Figure 3 shows the sympathetic tachycardic responses before (control S-R curves) and after i.v. bolus injections of bidistilled water (1 ml/kg), MRS 2500 (300 μg/kg; P2Y1 receptor antagonist), PSB 0739 (300 μg/kg; P2Y12 receptor antagonist) or MRS 2211 (1000 and 3000 μg/kg; P2Y13 receptor antagonist). Clearly, the tachycardic responses induced by electrical sympathetic stimulation remained unchanged (P > 0.05) after i.v. administration of bidistilled water (Fig. 3a), MRS 2500 (Fig. 3b), PSB 0739 (Fig. 3c) or MRS 2211 (Fig. 3d, e). Likewise, the baseline values of heart rate and diastolic blood pressure remained unaltered (P > 0.05) after the administration of these compounds (see Table 1). These results suggest that, under our experimental conditions, the above compounds at the doses used were devoid of any effect per se on the sympathetic tachycardic responses.

Fig. 3.

Fig. 3

Effect per se of vehicle or antagonists on the tachycardic responses produced by electrical sympathetic stimulation. Tachycardic responses produced by electrical sympathetic stimulation before and after i.v. bolus injections of a bidist. water (bidistilled water; 1 ml/kg), b MRS 2500 (300 μg/kg), c PSB 0739 (300 μg/kg), d MRS 2211 (1000 μg/kg) or e MRS 2211 (3000 μg/kg) (n = 6 each subgroup). Empty symbols represent either control responses (◯) or non-significant (P > 0.05) responses (□) versus control. Δ Heart rate stands for “increases in heart rate”

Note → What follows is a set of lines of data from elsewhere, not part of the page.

(* Let $z\ge1$, $X\subset[\Delta]^d$ finite, $x\in X$ and $p\in X$ fixed, and $r=\|x-p\|_2$. Let $Q\subseteq X$ be a set of at most $k$ centers containing $p$ that is a constant-factor approximation to the optimal $(k,z)$-medoids clustering on $X$ among sets containing a center at $p$, and let $\Psi$ be a constant-factor approximation to $\mathrm{Cost}(X,Q)$. Let $S$ be an optimal $(k,z)$-medoids clustering on $X$ among sets containing a center at $p$ and no center in the interior of the ball $B_r(x)$. Let $n_b$ be the number of points of $X$ assigned (by $Q$, i.e., to their closest center in $Q$) to centers of $Q$ lying in $B_{r/2}(x)$. Then there exists a constant $\gamma\ge1$ such that \[\Psi+n_b\cdot r^z\le\gamma\cdot\mathrm{Cost}(X,S).\]
   Context: $\mathrm{Cost}(X,C)=\sum_{y\in X}\min_{c\in C}\|y-c\|_2^z$. A $(k,z)$-medoids clustering is a set of at most $k$ centers chosen from $X$. $B_\rho(x)$ denotes the Euclidean ball of radius $\rho$ centered at $x$. "Constant-factor approximation" means within a multiplicative constant factor; the constant $\gamma$ may depend on these constants and on $z$. *)

theory Defs
  imports Complex_Main
begin

type_synonym point = "nat \<Rightarrow> real"

text \<open>The grid [Delta]^d = {1,...,Delta}^d; a point is a function nat => real that
  vanishes outside the coordinates 0..d-1.\<close>
definition grid :: "nat \<Rightarrow> nat \<Rightarrow> point set" where
  "grid Delta d = {y. (\<forall>i<d. y i \<in> \<int> \<and> 1 \<le> y i \<and> y i \<le> real Delta) \<and> (\<forall>i\<ge>d. y i = 0)}"

definition edist :: "nat \<Rightarrow> point \<Rightarrow> point \<Rightarrow> real" where
  "edist d y c = sqrt (\<Sum>i<d. (y i - c i)\<^sup>2)"

definition cost :: "nat \<Rightarrow> real \<Rightarrow> point set \<Rightarrow> point set \<Rightarrow> real" where
  "cost d z X C = (\<Sum>y\<in>X. Min ((\<lambda>c. edist d y c powr z) ` C))"

definition medoids_with :: "nat \<Rightarrow> point set \<Rightarrow> point \<Rightarrow> point set set" where
  "medoids_with k X p = {C. C \<subseteq> X \<and> card C \<le> k \<and> p \<in> C}"

end

theory Submission
  imports Defs "HOL-Analysis.Analysis"
begin

text \<open>Let \<open>r = \<parallel>x - p\<parallel>\<close>. A point \<open>y\<close> served by a \<open>Q\<close>-center \<open>c\<close> within \<open>r/2\<close> of \<open>x\<close> has its
  \<open>S\<close>-center \<open>s\<close> at distance at least \<open>r\<close> from \<open>x\<close>, so the triangle inequality gives
  \<open>r/2 \<le> \<parallel>y - s\<parallel> + \<parallel>y - c\<parallel>\<close> and hence \<open>r\<^sup>z \<le> 4\<^sup>z (cost of y under S + cost of y under Q)\<close>.
  Summing over these points bounds \<open>n\<^sub>b r\<^sup>z\<close> by \<open>4\<^sup>z (Cost(X,S) + Cost(X,Q))\<close>. Since \<open>S\<close> is itself
  a clustering containing \<open>p\<close>, \<open>Cost(X,Q) \<le> \<alpha> Cost(X,S)\<close>, and \<open>\<Psi> \<le> \<beta> Cost(X,Q)\<close> finishes the bound.\<close>

lemma edist_eq_L2_set: "edist d y c = L2_set (\<lambda>i. y i - c i) {..<d}"
  by (simp add: edist_def L2_set_def)

lemma edist_nonneg: "0 \<le> edist d a b"
  by (simp add: edist_eq_L2_set L2_set_nonneg)

lemma edist_commute: "edist d a b = edist d b a"
  unfolding edist_def by (simp add: power2_commute)

lemma edist_triangle: "edist d a c \<le> edist d a b + edist d b c"
proof -
  have "edist d a c = L2_set (\<lambda>i. (a i - b i) + (b i - c i)) {..<d}"
    by (simp add: edist_eq_L2_set)
  also have "\<dots> \<le> L2_set (\<lambda>i. a i - b i) {..<d} + L2_set (\<lambda>i. b i - c i) {..<d}"
    by (rule L2_set_triangle_ineq)
  finally show ?thesis
    by (simp add: edist_eq_L2_set)
qed

lemma powr_le_4_powr_mult_sum:
  fixes a b r z :: real
  assumes "0 \<le> a" "0 \<le> b" "0 \<le> r" "r \<le> 2 * (a + b)" "0 \<le> z"
  shows "r powr z \<le> 4 powr z * (a powr z + b powr z)"
proof -
  have "r \<le> 4 * max a b"
    using assms max.cobounded1[of a b] max.cobounded2[of b a] by argo
  then have "r powr z \<le> (4 * max a b) powr z"
    using assms by (intro powr_mono2) auto
  also have "\<dots> = 4 powr z * max a b powr z"
    using assms by (simp add: powr_mult)
  also have "\<dots> \<le> 4 powr z * (a powr z + b powr z)"
    by (intro mult_left_mono) (auto simp: max_def)
  finally show ?thesis .
qed

definition point_cost :: "nat \<Rightarrow> real \<Rightarrow> point set \<Rightarrow> point \<Rightarrow> real" where
  "point_cost d z C y = Min ((\<lambda>c. edist d y c powr z) ` C)"

lemma cost_eq_sum_point_cost: "cost d z X C = (\<Sum>y\<in>X. point_cost d z C y)"
  by (simp add: cost_def point_cost_def)

lemma point_cost_attained:
  assumes "finite C" "C \<noteq> {}"
  obtains c where "c \<in> C" "point_cost d z C y = edist d y c powr z"
proof -
  have "point_cost d z C y \<in> (\<lambda>c. edist d y c powr z) ` C"
    unfolding point_cost_def using assms by (intro Min_in) auto
  then show ?thesis
    using that by blast
qed

lemma point_cost_nonneg:
  assumes "finite C" "C \<noteq> {}"
  shows "0 \<le> point_cost d z C y"
  by (metis assms point_cost_attained powr_ge_zero)

lemma point_cost_eq_nearest:
  assumes "finite C" "c \<in> C" "\<forall>c'\<in>C. edist d y c \<le> edist d y c'" "0 \<le> z"
  shows "point_cost d z C y = edist d y c powr z"
  unfolding point_cost_def
  using assms by (intro Min_eqI) (auto intro: powr_mono2 simp: edist_nonneg)

lemma radius_le_twice_dist_sum:
  assumes "r \<le> edist d s x" "edist d c x \<le> r / 2"
  shows "r \<le> 2 * (edist d y s + edist d y c)"
proof -
  have "edist d s x \<le> edist d s y + (edist d y c + edist d c x)"
    by (meson add_left_mono edist_triangle order_trans)
  then show ?thesis
    using assms by (simp add: edist_commute[of d s y])
qed

lemma radius_powr_le_point_costs:
  assumes S: "finite S" "S \<noteq> {}" and far: "\<forall>s\<in>S. r \<le> edist d s x"
    and Q: "finite Q" "c \<in> Q" and nearest: "\<forall>c'\<in>Q. edist d y c \<le> edist d y c'"
    and near: "edist d c x \<le> r / 2" and "0 \<le> z"
  shows "r powr z \<le> 4 powr z * (point_cost d z S y + point_cost d z Q y)"
proof -
  obtain s where s: "s \<in> S" "point_cost d z S y = edist d y s powr z"
    using point_cost_attained[OF S] by blast
  have "r \<le> 2 * (edist d y s + edist d y c)"
    using far s(1) near by (intro radius_le_twice_dist_sum) auto
  moreover have "0 \<le> r"
    using near edist_nonneg[of d c x] by linarith
  ultimately have "r powr z \<le> 4 powr z * (edist d y s powr z + edist d y c powr z)"
    using \<open>0 \<le> z\<close> by (intro powr_le_4_powr_mult_sum) (auto simp: edist_nonneg)
  then show ?thesis
    using s(2) point_cost_eq_nearest[OF Q nearest \<open>0 \<le> z\<close>] by simp
qed

lemma near_count_le_cost:
  assumes X: "finite X" and S: "finite S" "S \<noteq> {}" and far: "\<forall>s\<in>S. r \<le> edist d s x"
    and Q: "finite Q" and nearest: "\<forall>y\<in>X. \<sigma> y \<in> Q \<and> (\<forall>c\<in>Q. edist d y (\<sigma> y) \<le> edist d y c)"
    and "0 \<le> z"
  shows "real (card {y\<in>X. edist d (\<sigma> y) x \<le> r / 2}) * r powr z
    \<le> 4 powr z * (cost d z X S + cost d z X Q)"
proof -
  let ?B = "{y\<in>X. edist d (\<sigma> y) x \<le> r / 2}"
  let ?c = "\<lambda>y. 4 powr z * (point_cost d z S y + point_cost d z Q y)"
  have "real (card ?B) * r powr z = (\<Sum>y\<in>?B. r powr z)"
    by simp
  also have "\<dots> \<le> (\<Sum>y\<in>?B. ?c y)"
    using nearest by (intro sum_mono radius_powr_le_point_costs[OF S far Q] \<open>0 \<le> z\<close>) auto
  also have "\<dots> \<le> (\<Sum>y\<in>X. ?c y)"
  proof (intro sum_mono2 X)
    show "0 \<le> ?c y" if "y \<in> X - ?B" for y
      using that S Q nearest by (intro mult_nonneg_nonneg add_nonneg_nonneg point_cost_nonneg) auto
  qed auto
  also have "\<dots> = 4 powr z * (cost d z X S + cost d z X Q)"
    by (simp add: cost_eq_sum_point_cost sum_distrib_left[symmetric] sum.distrib)
  finally show ?thesis .
qed

lemma psi_plus_near_count_le_cost:
  assumes "0 \<le> z" "0 \<le> beta" "finite X" "finite S" "S \<noteq> {}" "finite Q"
    and "\<forall>s\<in>S. r \<le> edist d s x"
    and "\<forall>y\<in>X. \<sigma> y \<in> Q \<and> (\<forall>c\<in>Q. edist d y (\<sigma> y) \<le> edist d y c)"
    and Q_approx: "cost d z X Q \<le> alpha * cost d z X S"
    and Psi_approx: "Psi \<le> beta * cost d z X Q"
  shows "Psi + real (card {y\<in>X. edist d (\<sigma> y) x \<le> r / 2}) * r powr z
    \<le> (alpha * beta + 4 powr z * (1 + alpha)) * cost d z X S"
proof -
  have "Psi \<le> beta * (alpha * cost d z X S)"
    using Psi_approx Q_approx \<open>0 \<le> beta\<close> by (meson mult_left_mono order_trans)
  moreover have "4 powr z * (cost d z X S + cost d z X Q) \<le> 4 powr z * ((1 + alpha) * cost d z X S)"
    using Q_approx by (intro mult_left_mono) (auto simp: algebra_simps)
  ultimately have "Psi + real (card {y\<in>X. edist d (\<sigma> y) x \<le> r / 2}) * r powr z
    \<le> beta * (alpha * cost d z X S) + 4 powr z * ((1 + alpha) * cost d z X S)"
    using near_count_le_cost[of X S r d x Q \<sigma> z] assms by linarith
  then show ?thesis
    by (simp add: algebra_simps)
qed

theorem lemma3p8:
  fixes z alpha beta :: real
  assumes "z \<ge> 1" and "alpha \<ge> 1" and "beta \<ge> 1"
  shows "\<exists>gamma\<ge>1. \<forall>(Delta::nat) (d::nat) (k::nat) (X::point set) (x::point) (p::point)
            (Q::point set) (Psi::real) (S::point set) (\<sigma>::point \<Rightarrow> point).
     finite X \<longrightarrow> X \<subseteq> grid Delta d \<longrightarrow> x \<in> X \<longrightarrow> p \<in> X \<longrightarrow>
     Q \<in> medoids_with k X p \<longrightarrow>
     (\<forall>C\<in>medoids_with k X p. cost d z X Q \<le> alpha * cost d z X C) \<longrightarrow>
     cost d z X Q \<le> Psi \<longrightarrow> Psi \<le> beta * cost d z X Q \<longrightarrow>
     S \<in> medoids_with k X p \<longrightarrow> (\<forall>c\<in>S. \<not> edist d c x < edist d x p) \<longrightarrow>
     (\<forall>C\<in>medoids_with k X p. (\<forall>c\<in>C. \<not> edist d c x < edist d x p) \<longrightarrow>
         cost d z X S \<le> cost d z X C) \<longrightarrow>
     (\<forall>y\<in>X. \<sigma> y \<in> Q \<and> (\<forall>c\<in>Q. edist d y (\<sigma> y) \<le> edist d y c)) \<longrightarrow>
     Psi + real (card {y\<in>X. edist d (\<sigma> y) x \<le> edist d x p / 2}) * (edist d x p) powr z
       \<le> gamma * cost d z X S"
proof (intro exI[of _ "alpha * beta + 4 powr z * (1 + alpha)"] conjI allI impI)
  have "1 \<le> alpha * beta"
    using assms mult_mono[of 1 alpha 1 beta] by simp
  then show "1 \<le> alpha * beta + 4 powr z * (1 + alpha)"
    using assms by (simp add: add_increasing2)
next
  fix Delta d k X x p Q Psi S \<sigma>
  assume X: "finite X" and Q: "Q \<in> medoids_with k X p" and S: "S \<in> medoids_with k X p"
    and Q_approx: "\<forall>C\<in>medoids_with k X p. cost d z X Q \<le> alpha * cost d z X C"
    and Psi_approx: "Psi \<le> beta * cost d z X Q"
    and far: "\<forall>c\<in>S. \<not> edist d c x < edist d x p"
    and nearest: "\<forall>y\<in>X. \<sigma> y \<in> Q \<and> (\<forall>c\<in>Q. edist d y (\<sigma> y) \<le> edist d y c)"
  have "finite S" "S \<noteq> {}" "finite Q"
    using X Q S unfolding medoids_with_def by (auto intro: finite_subset)
  then show "Psi + real (card {y\<in>X. edist d (\<sigma> y) x \<le> edist d x p / 2}) * (edist d x p) powr z
       \<le> (alpha * beta + 4 powr z * (1 + alpha)) * cost d z X S"
    using assms X far nearest Q_approx S Psi_approx
    by (intro psi_plus_near_count_le_cost) (simp_all add: not_less)
qed

end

Effect of vehicle, MRS 2500, PSB 0739 or MRS 2211 on the ADPβS-induced inhibition of sympathetic tachycardic responses

Figure 4 shows the effect of the i.v. bolus injections of bidistilled water (1 ml/kg), MRS 2500 (300 μg/kg), PSB 0739 (300 μg/kg) or MRS 2211 (1000 and 3000 μg/kg) on the inhibition of sympathetic tachycardic responses produced by 30 μg/kg/min ADPβS. In this respect, the ADPβS-induced cardiac sympatho-inhibition (i) remained unaltered at all stimulation frequencies after bidistilled water (Fig. 4a), 300 μg/kg MRS 2500 (P2Y1 receptor antagonist; Fig. 4b) or 1000 μg/kg MRS 2211 (Fig. 4d); (ii) was abolished after 300 μg/kg PSB 0739 (P2Y12 receptor antagonist Figs. 4c and 5); and (iii) was partially – and weakly – blocked (only at 0.1 Hz) after 3000 μg/kg MRS 2211 (P2Y13 receptor antagonist; Fig. 4e).

Fig. 4.

Fig. 4

Effect of vehicle or antagonists on the ADPβS-induced cardiac sympatho-inhibition. Effect of i.v. bolus injections of a bidist. water (bidistilled water; 1 ml/kg), b MRS 2500 (300 μg/kg), c PSB 0739 (300 μg/kg), d MRS 2211 (1000 μg/kg) or e MRS 2211 (3000 μg/kg) (n = 6 each subgroup) on the inhibition of sympathetically induced tachycardic responses induced by an i.v. continuous infusion of 30 μg/kg/min ADPβS. Empty symbols depict either control responses (◯) or non-significant (P > 0.05) responses (□) versus control. Solid symbols (■) depict significantly different responses (P < 0.05) versus control. Δ Heart rate stands for “increases in heart rate”

Fig. 5.

Fig. 5

Original experimental recordings illustrating the effect of an i.v. bolus injection of PSB 0739 (300 μg/kg) on the cardiac sympatho-inhibition produced by 30 μg/kg/min ADPβS. Diastolic blood pressure (mmHg) remained unchanged throughout the experiments

Discussion

General

As previously pointed out [2023, 27, 29, 31], the benefit of using the pithed rat model (which has no functional central nervous system) is that we can investigate the effects of drugs and their mechanisms of action in the periphery with no baroreflex compensatory mechanisms. Hence, we can categorically exclude any central effects of the compounds under study that can modify peripheral resistance or heart rate [2023, 27, 29, 31]. Moreover, Mei and Liang [32] have previously shown in isolated mouse and rat hearts (using the Langendorff model) that the P2X receptor agonist 2-methylthio-ATP produced dose-dependent increases in the pressure developed in the left ventricle, contraction rate and relaxation rate, but the increase in contractility had no effect on the baseline heart rate. With these considerations in mind, our study in pithed rats suggests that (i) the purinergic P2Y1, P2Y12 and P2Y13 receptor agonist, ADPβS (at the doses used), specifically inhibits the cardioaccelerator sympathetic drive in pithed rats and (ii) considering the effects of the antagonists, the cardiac sympatho-inhibition by ADPβS is mainly mediated by the P2Y12 receptor subtype and, to a much lesser extent (if any), by the P2Y13 receptor subtype (see below), but not by the P2Y1 receptor subtype. It must be emphasized that, under our experimental conditions, (i) the action of ADPβS was considered sympatho-inhibitory since this compound inhibited the tachycardic responses to electrical sympathetic stimulation (Figs. 1c and 2) without affecting those to exogenous noradrenaline (Fig. 1e) and (ii) the electrically induced neurotransmitter release was not directly measured, but it was determined indirectly by the evoked tachycardic responses induced by sympathetic stimulation, as previously reported [2023, 27, 29, 31].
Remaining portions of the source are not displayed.